Sema's default execution path is a tree-walking interpreter. A bytecode VM is available via --vm (see Bytecode VM) and is significantly faster. Early optimizations brought the 1 Billion Row Challenge benchmark from ~25s to ~9.6s on 10M rows using a "mini-eval" — a minimal evaluator inlined in the stdlib that bypassed the full trampoline. The mini-eval was later removed for architectural reasons (semantic drift from the real evaluator, and blocking the path to a bytecode VM). Fast-path optimizations in the real evaluator partially recovered performance, bringing the tree-walker benchmark to ~2,900ms on 1M rows (vs ~960ms with the mini-eval).

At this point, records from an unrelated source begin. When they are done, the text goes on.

(* Let $X=\{1,\ldots,K\}$. The family $f_n:X^n\to\mathbb{Q}^K$, $f_n(x)=(p_1(x),\ldots,p_K(x))$, is computable with infinite memory (with output set $Y=\mathbb{Q}^K$, or its subset $(\mathbb{Q}\cap[0,1])^K$, together with a default element).
   Context: Model of computation. Let $X$ (initial values), $Y$ (outputs), $M$ (messages) be sets and, for each integer $d\ge 0$, let $Z_d$ be a set (memory states); each of $Y$, $M$, $Z_d$ contains a distinguished element $\emptyset$. An automaton family is a sequence of maps $(A_d)_{d\ge0}$, $A_d: X\times Z_d\times Y\times M^d\to X\times Z_d\times Y\times M^d$, which leave the first coordinate unchanged. A network is a finite connected simple undirected graph $G=(V,E)$ with $V=\{1,\ldots,n\}$, together with a port labeling: for each node $i$ of degree $d(i)$, a bijection $\ell_i$ from the set of neighbors of $i$ to $\{1,\ldots,d(i)\}$. Given initial values $x_1,\ldots,x_n\in X$, the execution is: node $i$ has state $S_i(t)=(x_i,z_i(t),y_i(t),m_{i,1}(t),\ldots,m_{i,d(i)}(t))$ with $z_i(0)=y_i(0)=m_{i,k}(0)=\emptyset$ ($m_{i,p}(t)$ is the message $i$ sends through its port $p$), and $S_i(t+1)=A_{d(i)}(x_i,z_i(t),y_i(t),\mu_{i,1}(t),\ldots,\mu_{i,d(i)}(t))$, where if $j$ is the neighbor of $i$ with $\ell_i(j)=k$ then $\mu_{i,k}(t)=m_{j,\ell_j(i)}(t)$. An element $y^*\in Y$ is the final output of the execution if there is $t'$ with $y_i(t)=y^*$ for all nodes $i$ and all $t\ge t'$. Infinite memory: $X$ and $M$ are finite, while the sets $Z_d$ and $Y$ may be countable. A family of functions $(f_n:X^n\to Y)_{n\ge1}$ is computable with infinite memory if there exists an automaton family with infinite memory such that for every $n$, every network with $n$ nodes (every connected graph and every port labeling), and every $x\in X^n$, the execution has a final output equal to $f_n(x_1,\ldots,x_n)$. Proportions. For $X=\{1,\ldots,K\}$ and $x\in X^n$, $p_k(x)=|\{i: x_i=k\}|/n$. *)

theory Defs
  imports Main "HOL-Library.Countable_Set"
begin

definition nbrs :: "(nat \<Rightarrow> nat \<Rightarrow> bool) \<Rightarrow> nat \<Rightarrow> nat set" where
  "nbrs E i = {j. E i j}"

definition deg :: "(nat \<Rightarrow> nat \<Rightarrow> bool) \<Rightarrow> nat \<Rightarrow> nat" where
  "deg E i = card (nbrs E i)"

definition network :: "nat \<Rightarrow> (nat \<Rightarrow> nat \<Rightarrow> bool) \<Rightarrow> (nat \<Rightarrow> nat \<Rightarrow> nat) \<Rightarrow> bool" where
  "network n E l \<longleftrightarrow> n \<ge> 1
     \<and> (\<forall>a b. E a b \<longrightarrow> a \<in> {1..n} \<and> b \<in> {1..n})
     \<and> (\<forall>a b. E a b \<longrightarrow> E b a)
     \<and> (\<forall>a. \<not> E a a)
     \<and> (\<forall>a\<in>{1..n}. \<forall>b\<in>{1..n}. E\<^sup>*\<^sup>* a b)
     \<and> (\<forall>i\<in>{1..n}. bij_betw (l i) (nbrs E i) {1..deg E i})"

definition port_nbr :: "(nat \<Rightarrow> nat \<Rightarrow> bool) \<Rightarrow> (nat \<Rightarrow> nat \<Rightarrow> nat) \<Rightarrow> nat \<Rightarrow> nat \<Rightarrow> nat" where
  "port_nbr E l i k = (THE j. E i j \<and> l i j = k)"

text \<open>An automaton family A d: given degree d, it maps (x, z, y, incoming messages (list of
  length d)) to the new (z, y, outgoing messages); the initial value x is left unchanged,
  so it is not part of the result. The state of node i at time t is (z, y, messages),
  where the p-th message (index p-1) is the one sent through port p.\<close>

primrec exec :: "(nat \<Rightarrow> 'x \<Rightarrow> 'z \<Rightarrow> 'y \<Rightarrow> 'm list \<Rightarrow> 'z \<times> 'y \<times> 'm list)
    \<Rightarrow> (nat \<Rightarrow> 'z) \<Rightarrow> 'y \<Rightarrow> 'm
    \<Rightarrow> (nat \<Rightarrow> nat \<Rightarrow> bool) \<Rightarrow> (nat \<Rightarrow> nat \<Rightarrow> nat) \<Rightarrow> (nat \<Rightarrow> 'x)
    \<Rightarrow> nat \<Rightarrow> nat \<Rightarrow> 'z \<times> 'y \<times> 'm list" where
  "exec A z0 y0 m0 E l x 0 = (\<lambda>i. (z0 (deg E i), y0, replicate (deg E i) m0))"
| "exec A z0 y0 m0 E l x (Suc t) = (\<lambda>i.
     let S = exec A z0 y0 m0 E l x t in
     A (deg E i) (x i) (fst (S i)) (fst (snd (S i)))
       (map (\<lambda>k. let j = port_nbr E l i k in snd (snd (S j)) ! (l j i - 1)) [1..<deg E i + 1]))"

definition has_final_output where
  "has_final_output A z0 y0 m0 E l x n ystar \<longleftrightarrow>
     (\<exists>t'. \<forall>t\<ge>t'. \<forall>i\<in>{1..n}. fst (snd (exec A z0 y0 m0 E l x t i)) = ystar)"

text \<open>Initial values are naturals ranging over the
  finite set X; messages range over a finite set M of naturals with distinguished element m0;
  memory states are natural numbers (a countable set) with distinguished element z0 d for
  degree d; outputs range over the countable set Y with distinguished element y0.\<close>

definition computable_inf_mem ::
  "nat set \<Rightarrow> 'y set \<Rightarrow> 'y \<Rightarrow> (nat \<Rightarrow> (nat \<Rightarrow> nat) \<Rightarrow> 'y) \<Rightarrow> bool" where
  "computable_inf_mem X Y y0 f \<longleftrightarrow> finite X \<and> countable Y \<and> y0 \<in> Y \<and>
    (\<exists>(A :: nat \<Rightarrow> nat \<Rightarrow> nat \<Rightarrow> 'y \<Rightarrow> nat list \<Rightarrow> nat \<times> 'y \<times> nat list)
       (z0 :: nat \<Rightarrow> nat) (M :: nat set) (m0 :: nat).
      finite M \<and> m0 \<in> M \<and>
      (\<forall>d x z y ms. fst (snd (A d x z y ms)) \<in> Y
                    \<and> length (snd (snd (A d x z y ms))) = d
                    \<and> set (snd (snd (A d x z y ms))) \<subseteq> M) \<and>
      (\<forall>n E l x. network n E l \<and> (\<forall>i\<in>{1..n}. x i \<in> X) \<longrightarrow>
          has_final_output A z0 y0 m0 E l x n (f n x)))"

definition prop_k :: "nat \<Rightarrow> (nat \<Rightarrow> nat) \<Rightarrow> nat \<Rightarrow> rat" where
  "prop_k n x k = of_nat (card {i\<in>{1..n}. x i = k}) / of_nat n"

text \<open>Output set Q^K (vectors as lists of length K), with default element None.\<close>
definition Yset :: "nat \<Rightarrow> rat list option set" where
  "Yset K = insert None (Some ` {v. length v = K})"

definition proportions :: "nat \<Rightarrow> nat \<Rightarrow> (nat \<Rightarrow> nat) \<Rightarrow> rat list option" where
  "proportions K n x = Some (map (prop_k n x) [1..<K+1])"

end

theory Submission
  imports Defs Complex_Main
begin

(* The automaton works in phases q = 0, 1, 2, ...  Phase q guesses the network size
   N = q div K + 1 and tracks the value k = q mod K + 1.  Every node starts with the
   indicator a_i = [x_i = k] and performs R = rounds N rounds of the integer iteration
     a_i' = (N + 1 - d_i) a_i + (sum over neighbours j of a_j),
   which is the averaging iteration v' = ((N + 1 - d_i) v_i + sum_j v_j) / (N + 1)
   scaled by (N + 1)^r.  The integers are transmitted in unary with one-bit messages,
   so one round takes (N + 1)^R clock ticks.  At the end of the phase the node rounds
   a_i / (N + 1)^R to the nearest fraction with denominator at most N and stores it as
   its estimate of p_k; the output is the vector of current estimates. *)


lemma port_nbr_props:
  assumes net: "network n E l" and i: "i \<in> {1..n}" and k: "k \<in> {1..deg E i}"
  shows "E i (port_nbr E l i k) \<and> l i (port_nbr E l i k) = k"
proof -
  have b: "bij_betw (l i) (nbrs E i) {1..deg E i}" using net i by (simp add: network_def)
  then obtain j where j: "j \<in> nbrs E i" "l i j = k" using k by (metis bij_betw_iff_bijections)
  have "port_nbr E l i k = j" unfolding port_nbr_def
  proof (rule the_equality)
    show "E i j \<and> l i j = k" using j by (simp add: nbrs_def)
    fix j' assume "E i j' \<and> l i j' = k"
    then show "j' = j" using b j unfolding bij_betw_def inj_on_def nbrs_def by auto
  qed
  then show ?thesis using j by (simp add: nbrs_def)
qed

lemma bij_port_nbr:
  assumes net: "network n E l" and i: "i \<in> {1..n}"
  shows "bij_betw (port_nbr E l i) {1..deg E i} (nbrs E i)"
proof -
  have b: "bij_betw (l i) (nbrs E i) {1..deg E i}" using net i by (simp add: network_def)
  have "inv_into (nbrs E i) (l i) k = port_nbr E l i k" if k: "k \<in> {1..deg E i}" for k
  proof -
    have "port_nbr E l i k \<in> nbrs E i" "l i (port_nbr E l i k) = k"
      using port_nbr_props[OF net i k] by (simp_all add: nbrs_def)
    then show ?thesis using b by (metis bij_betw_def inv_into_f_f)
  qed
  then show ?thesis using bij_betw_inv_into[OF b] by (metis bij_betw_cong)
qed

lemma nbrs_subset: "network n E l \<Longrightarrow> nbrs E i \<subseteq> {1..n}"
  by (auto simp: network_def nbrs_def)

lemma finite_nbrs: "network n E l \<Longrightarrow> finite (nbrs E i)"
  by (meson finite_atLeastAtMost finite_subset nbrs_subset)

text \<open>A node is not its own neighbour, so its degree is less than the size of the network.\<close>

lemma deg_le:
  assumes net: "network n E l" and i: "i \<in> {1..n}"
  shows "deg E i \<le> n - 1"
proof -
  have "nbrs E i \<subseteq> {1..n} - {i}" using net by (auto simp: network_def nbrs_def)
  then have "card (nbrs E i) \<le> card ({1..n} - {i})" by (simp add: card_mono)
  then show ?thesis using i by (simp add: deg_def)
qed

text \<open>Counting over edges from both ends: every node j is counted once per neighbour.\<close>

lemma sum_over_edges:
  assumes net: "network n E l"
  shows "(\<Sum>i\<in>{1..n}. \<Sum>j\<in>nbrs E i. f j)
       = (\<Sum>j\<in>{1..n}. of_nat (deg E j) * (f j :: 'a :: comm_semiring_1))"
proof -
  have nb: "\<And>i. nbrs E i = {j\<in>{1..n}. E i j}" using net by (auto simp: network_def nbrs_def)
  have nb': "\<And>j. nbrs E j = {i\<in>{1..n}. E i j}" using net by (auto simp: network_def nbrs_def)
  have "(\<Sum>i\<in>{1..n}. \<Sum>j\<in>nbrs E i. f j) = (\<Sum>i\<in>{1..n}. \<Sum>j\<in>{1..n}. if E i j then f j else 0)"
    unfolding nb by (rule sum.cong[OF refl], rule sum.inter_filter) simp
  also have "\<dots> = (\<Sum>j\<in>{1..n}. \<Sum>i\<in>{1..n}. if E i j then f j else 0)" by (rule sum.swap)
  also have "\<dots> = (\<Sum>j\<in>{1..n}. \<Sum>i\<in>nbrs E j. f j)"
    unfolding nb' by (rule sum.cong[OF refl], rule sum.inter_filter[symmetric]) simp
  also have "\<dots> = (\<Sum>j\<in>{1..n}. of_nat (deg E j) * f j)" by (simp add: deg_def)
  finally show ?thesis .
qed

lemma sum_received:
  assumes net: "network n E l" and i: "i \<in> {1..n}"
    and S: "\<And>j. j \<in> nbrs E i \<Longrightarrow> snd (snd (S j)) = replicate (deg E j) (g j)"
  shows "sum_list (map (\<lambda>k. let j = port_nbr E l i k in snd (snd (S j)) ! (l j i - 1))
                      [1..<deg E i + 1])
         = (\<Sum>j\<in>nbrs E i. g j)"
proof -
  have "map (\<lambda>k. let j = port_nbr E l i k in snd (snd (S j)) ! (l j i - 1)) [1..<deg E i + 1]
      = map (\<lambda>k. g (port_nbr E l i k)) [1..<deg E i + 1]"
  proof (rule map_cong[OF refl])
    fix k assume "k \<in> set [1..<deg E i + 1]"
    then have k: "k \<in> {1..deg E i}" by auto
    define j where "j = port_nbr E l i k"
    have Eij: "E i j" using port_nbr_props[OF net i k] j_def by simp
    then have "j \<in> nbrs E i" "j \<in> {1..n}" "i \<in> nbrs E j"
      using net by (auto simp: network_def nbrs_def)
    then have "l j i \<in> {1..deg E j}" using net unfolding network_def bij_betw_def by blast
    then show "(let j = port_nbr E l i k in snd (snd (S j)) ! (l j i - 1)) = g (port_nbr E l i k)"
      using S \<open>j \<in> nbrs E i\<close> j_def by auto
  qed
  also have "sum_list \<dots> = (\<Sum>k\<in>{1..deg E i}. g (port_nbr E l i k))"
    by (metis Suc_eq_plus1 atLeastLessThanSuc_atLeastAtMost set_upt sum_set_upt_conv_sum_list_nat)
  also have "\<dots> = (\<Sum>j\<in>nbrs E i. g j)"
    using sum.reindex_bij_betw[OF bij_port_nbr[OF net i]] by simp
  finally show ?thesis .
qed


section \<open>The averaging iteration\<close>

text \<open>v r i is the value of node i after r rounds of the averaging iteration with
  parameter N: each node keeps weight (N + 1 - d_i) / (N + 1) on its own value and
  gives weight 1 / (N + 1) to each neighbour.\<close>

definition averaging ::
    "nat \<Rightarrow> (nat \<Rightarrow> nat \<Rightarrow> bool) \<Rightarrow> nat \<Rightarrow> (nat \<Rightarrow> nat \<Rightarrow> 'a :: linordered_field) \<Rightarrow> bool"
  where "averaging n E N v \<longleftrightarrow> (\<forall>r. \<forall>i\<in>{1..n}. of_nat (N+1) * v (Suc r) i
      = (of_nat (N+1) - of_nat (deg E i)) * v r i + (\<Sum>j\<in>nbrs E i. v r j))"

lemma averaging_shift:
  assumes avg: "averaging n E N v" and i: "i \<in> {1..n}"
  shows "of_nat (N+1) * (v (Suc r) i - m)
      = (of_nat (N+1) - of_nat (deg E i)) * (v r i - m) + (\<Sum>j\<in>nbrs E i. v r j - m)"
proof -
  have "(\<Sum>j\<in>nbrs E i. v r j - m) = (\<Sum>j\<in>nbrs E i. v r j) - of_nat (deg E i) * m"
    by (simp add: sum_subtractf deg_def)
  then show ?thesis using avg i unfolding averaging_def by (simp add: algebra_simps)
qed

lemma averaging_uminus: "averaging n E N v \<Longrightarrow> averaging n E N (\<lambda>r i. - v r i)"
  unfolding averaging_def by (simp add: sum_negf algebra_simps)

The bytecode VM (--vm) now achieves ~1,700ms on 1M rows and ~15,900ms on 10M rows, recovering much of the mini-eval's performance through compilation rather than inlining. This page documents each optimization, its history, and measured impact.

All benchmarks were run on Apple Silicon (M-series), processing the 1BRC dataset (semicolon-delimited weather station readings, one per line).

Benchmark Summary

Stage	1M rows	10M rows	Technique	Status
Baseline	2,501 ms	~25,000 ms	Naive implementation	—
+ COW assoc	1,800 ms	~18,000 ms	In-place map mutation	✅ Active
+ Env reuse	1,626 ms	16,059 ms	Lambda env recycling (mini-eval)	❌ Removed
+ Mini-eval	~960 ms	~9,600 ms	Inlined builtins, custom parser	❌ Removed
+ String interning	—	—	Spur-based dispatch	✅ Active
+ hashbrown	—	—	Amortized O(1) accumulator	✅ Active
Post-removal	~2,900 ms	~28,400 ms	Callback architecture + fast paths	✅ Current (tree-walker)
Bytecode VM	~1,700 ms	~15,900 ms	Bytecode VM (`--vm`)	✅ Active

Note: The mini-eval and its associated optimizations (env reuse, inlined builtins, custom number parser, SIMD split fast path) were removed to unblock the bytecode VM, which is now implemented and available via --vm. The bytecode VM provides a ~1.7× speedup over the tree-walker (~1,700ms vs ~2,900ms on 1M rows), recovering much of the mini-eval's performance through compilation. The tree-walker remains the default; the current architecture uses sema_core::call_callback to route stdlib → real evaluator. Fast-path optimizations (self-evaluating short-circuit, inline NativeFn dispatch, thread-local EvalContext, deferred cloning) partially recovered performance.

VM compute benchmarks (Feb 2026, post-stdlib intrinsics): TAK 1,234ms, upvalue-counter 440ms, deriv 879ms. The deriv benchmark — dominated by car/cdr/cons/pair? — improved 22% from stdlib intrinsic opcodes. The 1BRC numbers above are I/O-bound and less affected by VM compute optimizations.

1. Copy-on-Write Map Mutation

Problem: Every (assoc map key val) call cloned the entire BTreeMap, even when no other reference existed. For the 1BRC accumulator (~400 weather stations), this was O(400) per row × millions of rows.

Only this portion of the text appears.